# [Work item]
Nothing in the data may be omitted; output it all verbatim.

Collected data
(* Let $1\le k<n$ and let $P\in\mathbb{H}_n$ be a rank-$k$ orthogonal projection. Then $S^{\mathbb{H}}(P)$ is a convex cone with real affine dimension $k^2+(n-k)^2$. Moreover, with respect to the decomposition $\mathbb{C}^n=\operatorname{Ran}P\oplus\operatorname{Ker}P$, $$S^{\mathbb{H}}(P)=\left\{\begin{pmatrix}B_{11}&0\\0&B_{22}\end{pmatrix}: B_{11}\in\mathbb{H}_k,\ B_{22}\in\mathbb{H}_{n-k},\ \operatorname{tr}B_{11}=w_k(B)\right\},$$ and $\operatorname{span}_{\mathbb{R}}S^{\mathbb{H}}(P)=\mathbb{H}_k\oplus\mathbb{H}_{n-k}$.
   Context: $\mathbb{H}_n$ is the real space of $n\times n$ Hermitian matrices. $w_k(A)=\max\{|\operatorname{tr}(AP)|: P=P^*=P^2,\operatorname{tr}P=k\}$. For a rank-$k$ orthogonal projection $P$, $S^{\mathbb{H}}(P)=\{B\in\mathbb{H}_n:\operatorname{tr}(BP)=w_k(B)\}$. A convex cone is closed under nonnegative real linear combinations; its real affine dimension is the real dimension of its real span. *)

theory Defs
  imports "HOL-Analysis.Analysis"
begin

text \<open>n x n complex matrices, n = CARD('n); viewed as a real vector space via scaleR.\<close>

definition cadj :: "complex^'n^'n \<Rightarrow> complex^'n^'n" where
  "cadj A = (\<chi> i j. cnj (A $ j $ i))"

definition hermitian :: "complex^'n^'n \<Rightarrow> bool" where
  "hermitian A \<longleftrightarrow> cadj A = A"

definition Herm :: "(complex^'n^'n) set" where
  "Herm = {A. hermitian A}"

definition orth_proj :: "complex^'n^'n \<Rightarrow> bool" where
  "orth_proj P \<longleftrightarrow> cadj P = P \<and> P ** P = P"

# [Answer to the problem]
(* Let $1\le k<n$ and let $P\in\mathbb{H}_n$ be a rank-$k$ orthogonal projection. Then $S^{\mathbb{H}}(P)$ is a convex cone with real affine dimension $k^2+(n-k)^2$. Moreover, with respect to the decomposition $\mathbb{C}^n=\operatorname{Ran}P\oplus\operatorname{Ker}P$, $$S^{\mathbb{H}}(P)=\left\{\begin{pmatrix}B_{11}&0\\0&B_{22}\end{pmatrix}: B_{11}\in\mathbb{H}_k,\ B_{22}\in\mathbb{H}_{n-k},\ \operatorname{tr}B_{11}=w_k(B)\right\},$$ and $\operatorname{span}_{\mathbb{R}}S^{\mathbb{H}}(P)=\mathbb{H}_k\oplus\mathbb{H}_{n-k}$.
   Context: $\mathbb{H}_n$ is the real space of $n\times n$ Hermitian matrices. $w_k(A)=\max\{|\operatorname{tr}(AP)|: P=P^*=P^2,\operatorname{tr}P=k\}$. For a rank-$k$ orthogonal projection $P$, $S^{\mathbb{H}}(P)=\{B\in\mathbb{H}_n:\operatorname{tr}(BP)=w_k(B)\}$. A convex cone is closed under nonnegative real linear combinations; its real affine dimension is the real dimension of its real span. *)

theory Defs
  imports "HOL-Analysis.Analysis"
begin

text \<open>n x n complex matrices, n = CARD('n); viewed as a real vector space via scaleR.\<close>

definition cadj :: "complex^'n^'n \<Rightarrow> complex^'n^'n" where
  "cadj A = (\<chi> i j. cnj (A $ j $ i))"

definition hermitian :: "complex^'n^'n \<Rightarrow> bool" where
  "hermitian A \<longleftrightarrow> cadj A = A"

definition Herm :: "(complex^'n^'n) set" where
  "Herm = {A. hermitian A}"

definition orth_proj :: "complex^'n^'n \<Rightarrow> bool" where
  "orth_proj P \<longleftrightarrow> cadj P = P \<and> P ** P = P"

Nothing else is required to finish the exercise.